* **WHAT THE TASK REQUIRES**: Copy, from the data below, each line that has the word "obtain".

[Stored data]
#####

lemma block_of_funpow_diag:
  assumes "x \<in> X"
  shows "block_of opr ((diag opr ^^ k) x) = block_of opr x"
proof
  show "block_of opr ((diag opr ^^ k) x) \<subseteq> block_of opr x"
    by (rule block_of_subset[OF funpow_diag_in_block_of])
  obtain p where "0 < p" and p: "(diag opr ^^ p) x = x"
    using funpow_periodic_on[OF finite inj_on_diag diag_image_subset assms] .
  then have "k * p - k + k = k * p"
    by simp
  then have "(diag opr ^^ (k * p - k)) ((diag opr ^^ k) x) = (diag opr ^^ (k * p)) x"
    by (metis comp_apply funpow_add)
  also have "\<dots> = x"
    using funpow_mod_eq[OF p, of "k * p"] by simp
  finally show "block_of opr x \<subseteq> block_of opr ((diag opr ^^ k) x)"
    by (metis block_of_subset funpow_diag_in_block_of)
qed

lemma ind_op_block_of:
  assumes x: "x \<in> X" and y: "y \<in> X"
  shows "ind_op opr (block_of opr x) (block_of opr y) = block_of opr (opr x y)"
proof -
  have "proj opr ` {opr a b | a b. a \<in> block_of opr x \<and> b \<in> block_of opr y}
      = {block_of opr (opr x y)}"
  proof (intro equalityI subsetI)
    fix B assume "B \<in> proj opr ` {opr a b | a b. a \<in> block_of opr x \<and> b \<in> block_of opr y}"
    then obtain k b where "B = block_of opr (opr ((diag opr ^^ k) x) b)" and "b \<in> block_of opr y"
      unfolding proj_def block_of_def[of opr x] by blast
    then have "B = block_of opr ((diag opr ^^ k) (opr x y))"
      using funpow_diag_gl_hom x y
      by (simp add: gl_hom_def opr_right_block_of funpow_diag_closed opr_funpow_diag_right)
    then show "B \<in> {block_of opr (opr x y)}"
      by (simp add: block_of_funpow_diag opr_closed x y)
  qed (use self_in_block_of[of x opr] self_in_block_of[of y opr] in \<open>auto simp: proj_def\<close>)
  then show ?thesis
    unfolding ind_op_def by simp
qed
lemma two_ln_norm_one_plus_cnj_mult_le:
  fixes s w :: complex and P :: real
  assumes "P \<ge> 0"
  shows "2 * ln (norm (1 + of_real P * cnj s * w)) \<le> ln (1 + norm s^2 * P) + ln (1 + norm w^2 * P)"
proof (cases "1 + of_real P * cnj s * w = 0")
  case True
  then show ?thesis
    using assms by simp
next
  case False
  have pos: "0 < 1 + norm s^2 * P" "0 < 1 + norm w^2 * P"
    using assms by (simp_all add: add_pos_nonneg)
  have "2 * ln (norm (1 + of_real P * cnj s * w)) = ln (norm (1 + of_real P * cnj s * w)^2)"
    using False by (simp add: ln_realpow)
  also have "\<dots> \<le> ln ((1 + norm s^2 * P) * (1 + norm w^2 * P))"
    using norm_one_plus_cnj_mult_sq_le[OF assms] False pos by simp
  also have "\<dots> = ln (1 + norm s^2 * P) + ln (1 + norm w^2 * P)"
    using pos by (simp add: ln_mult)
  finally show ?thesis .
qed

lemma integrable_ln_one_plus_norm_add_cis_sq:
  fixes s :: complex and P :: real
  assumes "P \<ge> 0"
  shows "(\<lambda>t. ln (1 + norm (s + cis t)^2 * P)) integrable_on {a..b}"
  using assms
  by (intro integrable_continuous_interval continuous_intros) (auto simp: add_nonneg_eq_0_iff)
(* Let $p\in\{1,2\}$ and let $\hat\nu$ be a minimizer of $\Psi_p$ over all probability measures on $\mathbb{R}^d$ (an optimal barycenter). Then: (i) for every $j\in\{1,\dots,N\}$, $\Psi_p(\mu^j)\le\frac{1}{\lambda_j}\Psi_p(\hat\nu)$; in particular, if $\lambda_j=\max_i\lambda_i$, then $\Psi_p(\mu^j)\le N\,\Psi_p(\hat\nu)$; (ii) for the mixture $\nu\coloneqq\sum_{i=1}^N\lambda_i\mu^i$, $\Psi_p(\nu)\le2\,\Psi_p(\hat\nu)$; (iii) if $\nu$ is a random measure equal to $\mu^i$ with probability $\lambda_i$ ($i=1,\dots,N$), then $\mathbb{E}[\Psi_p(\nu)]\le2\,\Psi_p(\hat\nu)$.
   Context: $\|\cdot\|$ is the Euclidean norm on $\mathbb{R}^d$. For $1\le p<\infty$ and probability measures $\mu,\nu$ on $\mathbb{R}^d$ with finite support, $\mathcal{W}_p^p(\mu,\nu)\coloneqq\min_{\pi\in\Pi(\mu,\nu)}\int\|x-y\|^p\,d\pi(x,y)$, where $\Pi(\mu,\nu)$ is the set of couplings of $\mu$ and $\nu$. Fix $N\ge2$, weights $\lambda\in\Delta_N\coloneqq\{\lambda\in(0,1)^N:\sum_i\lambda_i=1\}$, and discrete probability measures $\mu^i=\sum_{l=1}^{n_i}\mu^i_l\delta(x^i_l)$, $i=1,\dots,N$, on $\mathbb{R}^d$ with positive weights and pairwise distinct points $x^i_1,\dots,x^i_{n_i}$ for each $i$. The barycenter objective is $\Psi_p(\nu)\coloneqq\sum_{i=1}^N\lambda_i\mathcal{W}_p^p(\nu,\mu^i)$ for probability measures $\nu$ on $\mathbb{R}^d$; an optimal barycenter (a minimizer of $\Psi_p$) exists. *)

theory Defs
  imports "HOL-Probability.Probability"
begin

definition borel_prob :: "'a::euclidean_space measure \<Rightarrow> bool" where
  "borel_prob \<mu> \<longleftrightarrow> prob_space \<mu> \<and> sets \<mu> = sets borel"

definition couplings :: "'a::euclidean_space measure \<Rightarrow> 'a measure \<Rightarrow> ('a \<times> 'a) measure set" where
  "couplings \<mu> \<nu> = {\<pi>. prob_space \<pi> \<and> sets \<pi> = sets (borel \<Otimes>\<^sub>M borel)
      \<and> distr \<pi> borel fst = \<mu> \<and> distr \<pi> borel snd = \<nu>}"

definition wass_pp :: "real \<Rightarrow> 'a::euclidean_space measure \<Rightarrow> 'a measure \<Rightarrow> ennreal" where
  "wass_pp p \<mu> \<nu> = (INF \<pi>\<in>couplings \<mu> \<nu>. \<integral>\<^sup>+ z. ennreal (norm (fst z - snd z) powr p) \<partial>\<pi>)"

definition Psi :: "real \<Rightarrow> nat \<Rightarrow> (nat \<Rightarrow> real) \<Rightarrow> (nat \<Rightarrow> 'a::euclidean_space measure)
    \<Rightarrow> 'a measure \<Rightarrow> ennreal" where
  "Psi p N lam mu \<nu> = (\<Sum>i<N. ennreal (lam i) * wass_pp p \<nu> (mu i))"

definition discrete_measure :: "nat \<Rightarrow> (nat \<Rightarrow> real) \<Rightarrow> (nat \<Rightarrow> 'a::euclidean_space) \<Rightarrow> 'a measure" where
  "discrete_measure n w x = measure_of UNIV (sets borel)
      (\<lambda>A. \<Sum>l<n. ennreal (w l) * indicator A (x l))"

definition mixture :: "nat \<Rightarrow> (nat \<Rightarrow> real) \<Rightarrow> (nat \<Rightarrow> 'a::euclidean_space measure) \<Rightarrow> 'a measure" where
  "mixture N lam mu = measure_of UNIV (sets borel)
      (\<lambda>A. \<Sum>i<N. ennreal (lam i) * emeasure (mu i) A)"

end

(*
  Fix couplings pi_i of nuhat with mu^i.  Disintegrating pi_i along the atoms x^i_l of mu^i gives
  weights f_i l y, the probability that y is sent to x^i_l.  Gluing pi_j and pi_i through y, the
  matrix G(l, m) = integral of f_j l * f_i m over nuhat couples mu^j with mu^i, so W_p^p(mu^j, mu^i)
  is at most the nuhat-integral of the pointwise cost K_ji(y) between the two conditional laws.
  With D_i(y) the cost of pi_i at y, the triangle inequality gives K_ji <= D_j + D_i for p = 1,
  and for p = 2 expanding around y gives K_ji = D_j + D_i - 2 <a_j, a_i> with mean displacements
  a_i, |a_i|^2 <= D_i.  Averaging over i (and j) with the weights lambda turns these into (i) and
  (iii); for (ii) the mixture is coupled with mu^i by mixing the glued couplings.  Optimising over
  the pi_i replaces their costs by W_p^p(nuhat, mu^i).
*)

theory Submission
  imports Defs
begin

#####

* **EXERCISE RESPONSE**:
  obtain p where "0 < p" and p: "(diag opr ^^ p) x = x"
    then obtain k b where "B = block_of opr (opr ((diag opr ^^ k) x) b)" and "b \<in> block_of opr y"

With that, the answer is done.